**Assignment**
Copy out all lines from the entries below in which "orbits" occurs.

**********

(* Let $k\ge 1$ be an integer and let $\Gamma=\mathbb{Z}_2\,\mathrm{wr}\,\mathbb{Z}^k$ be the restricted wreath product. Then $\Gamma$ has the property $R_\infty$: for every automorphism $\phi:\Gamma\to\Gamma$ the Reidemeister number $R(\phi)$ is infinite.
   Context: For an automorphism $\phi$ of a group $G$, the Reidemeister (twisted conjugacy) classes are the equivalence classes of the relation $g\sim hg\phi(h^{-1})$, $h,g\in G$; $R(\phi)$ denotes the number of these classes. A group has property $R_\infty$ if $R(\phi)=\infty$ for every automorphism $\phi$. The restricted wreath product $\mathbb{Z}_p\,\mathrm{wr}\,\mathbb{Z}^k$ is the semidirect product $\left(\bigoplus_{x\in\mathbb{Z}^k}(\mathbb{Z}_p)_{(x)}\right)\rtimes_\alpha\mathbb{Z}^k$, where each $(\mathbb{Z}_p)_{(x)}\cong\mathbb{Z}_p$ is generated by an element $\delta_x$, the direct sum consists of finitely supported elements, and $\alpha(y)(\delta_x)=\delta_{y+x}$ for $y\in\mathbb{Z}^k$. *)

theory Defs
  imports "HOL-Algebra.Group"
begin

text \<open>The free abelian group Z^k, realised as integer vectors nat => int vanishing from index k on.\<close>
definition Zk :: "nat \<Rightarrow> (nat \<Rightarrow> int) set" where
  "Zk k = {y. \<forall>i\<ge>k. y i = 0}"

text \<open>Finitely supported functions Z^k -> Z_2 (Z_2 encoded as bool with xor), i.e. the
  direct sum of copies of Z_2 indexed by Z^k; delta_x is the indicator of x.\<close>
definition fin_supp_Z2 :: "nat \<Rightarrow> ((nat \<Rightarrow> int) \<Rightarrow> bool) set" where
  "fin_supp_Z2 k = {f. finite {x. f x} \<and> {x. f x} \<subseteq> Zk k}"

text \<open>Shift action alpha(y): alpha(y)(delta_x) = delta_(y+x), so (alpha(y) f)(x) = f(x - y).\<close>
definition shift_act :: "(nat \<Rightarrow> int) \<Rightarrow> ((nat \<Rightarrow> int) \<Rightarrow> bool) \<Rightarrow> ((nat \<Rightarrow> int) \<Rightarrow> bool)" where
  "shift_act y f = (\<lambda>x. f (\<lambda>i. x i - y i))"

text \<open>The restricted wreath product Z_2 wr Z^k as the semidirect product
  (direct sum) \<rtimes>_alpha Z^k:  (f,y)(g,z) = (f + alpha(y) g, y + z).\<close>
definition Z2_wr_Zk :: "nat \<Rightarrow> (((nat \<Rightarrow> int) \<Rightarrow> bool) \<times> (nat \<Rightarrow> int)) monoid" where
  "Z2_wr_Zk k = \<lparr> carrier = fin_supp_Z2 k \<times> Zk k,
     mult = (\<lambda>(f, y) (g, z). ((\<lambda>x. f x \<noteq> shift_act y g x), (\<lambda>i. y i + z i))),
     one = ((\<lambda>_. False), (\<lambda>_. 0)) \<rparr>"

definition twisted_conj :: "('a, 'b) monoid_scheme \<Rightarrow> ('a \<Rightarrow> 'a) \<Rightarrow> ('a \<times> 'a) set" where
  "twisted_conj G \<phi> = {(g, g'). g \<in> carrier G \<and> g' \<in> carrier G \<and>
      (\<exists>h\<in>carrier G. g' = h \<otimes>\<^bsub>G\<^esub> g \<otimes>\<^bsub>G\<^esub> \<phi> (inv\<^bsub>G\<^esub> h))}"

definition reidemeister_classes :: "('a, 'b) monoid_scheme \<Rightarrow> ('a \<Rightarrow> 'a) \<Rightarrow> 'a set set" where
  "reidemeister_classes G \<phi> = carrier G // twisted_conj G \<phi>"

definition R_infinity :: "('a, 'b) monoid_scheme \<Rightarrow> bool" where
  "R_infinity G \<longleftrightarrow> (\<forall>\<phi>\<in>iso G G. infinite (reidemeister_classes G \<phi>))"

end

theory Submission
  imports Defs "HOL-Library.Function_Algebras" "HOL-Library.Fun_Lexorder"
    "HOL-Computational_Algebra.Primes"
begin

text \<open>
  An automorphism \<open>\<phi>\<close> of \<open>Z\<^sub>2 wr Z\<^sup>k\<close> preserves the base (the elements of order at most
  two) and induces an automorphism \<open>lin\<close> of \<open>Z\<^sup>k\<close>. Writing \<open>\<delta>\<^sub>0\<close> as the image of some
  \<open>1\<^sub>V\<close>, a parity-convolution argument with the lexicographic order shows that \<open>\<phi>\<close> maps
  \<open>\<delta>\<^sub>0\<close> to a point mass, hence moves supports in the base by the affine bijection
  \<open>x \<mapsto> lin x + c\<close>.

  If \<open>lin\<close> fixes a nonzero vector, Reidemeister classes project onto the cosets of
  \<open>(1 - lin) Z\<^sup>k\<close>, of which there are infinitely many: modulo a large prime \<open>p\<close> there
  are at least \<open>p\<close>. Otherwise twisted conjugation inside the base preserves the parity of
  the support on every orbit of \<open>x \<mapsto> lin x + c\<close>, so distinct orbits give distinct
  classes; and there are infinitely many orbits: for \<open>k = 1\<close> the map is an involution,
  and for \<open>k \<ge> 2\<close> its period modulo \<open>N = 2\<^sup>j\<close> grows only linearly in \<open>N\<close>, while
  there are \<open>N\<^sup>k\<close> residues.
\<close>

section \<open>The group \<open>Z\<^sub>2 wr Z\<^sup>k\<close>\<close>

lemma mem_Zk_iff: "y \<in> Zk k \<longleftrightarrow> (\<forall>i\<ge>k. y i = 0)"
  by (simp add: Zk_def)

lemma Zk_zero [simp]: "0 \<in> Zk k"
  and Zk_add [simp]: "x \<in> Zk k \<Longrightarrow> y \<in> Zk k \<Longrightarrow> x + y \<in> Zk k"
  and Zk_diff [simp]: "x \<in> Zk k \<Longrightarrow> y \<in> Zk k \<Longrightarrow> x - y \<in> Zk k"
  and Zk_uminus [simp]: "x \<in> Zk k \<Longrightarrow> - x \<in> Zk k"
  by (simp_all add: mem_Zk_iff)

lemma mem_fin_supp_Z2_iff: "f \<in> fin_supp_Z2 k \<longleftrightarrow> finite {x. f x} \<and> {x. f x} \<subseteq> Zk k"
  by (simp add: fin_supp_Z2_def)

lemma fin_supp_Z2_indicator: "finite V \<Longrightarrow> V \<subseteq> Zk k \<Longrightarrow> (\<lambda>x. x \<in> V) \<in> fin_supp_Z2 k"
  by (simp add: mem_fin_supp_Z2_iff)

lemma fin_supp_Z2_delta [simp]: "y \<in> Zk k \<Longrightarrow> (\<lambda>x. x = y) \<in> fin_supp_Z2 k"
  by (simp add: mem_fin_supp_Z2_iff)

lemma fin_supp_Z2_zero [simp]: "(\<lambda>_. False) \<in> fin_supp_Z2 k"
  by (simp add: mem_fin_supp_Z2_iff)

**********

**Result for this exercise**
  the support on every orbit of \<open>x \<mapsto> lin x + c\<close>, so distinct orbits give distinct
  classes; and there are infinitely many orbits: for \<open>k = 1\<close> the map is an involution,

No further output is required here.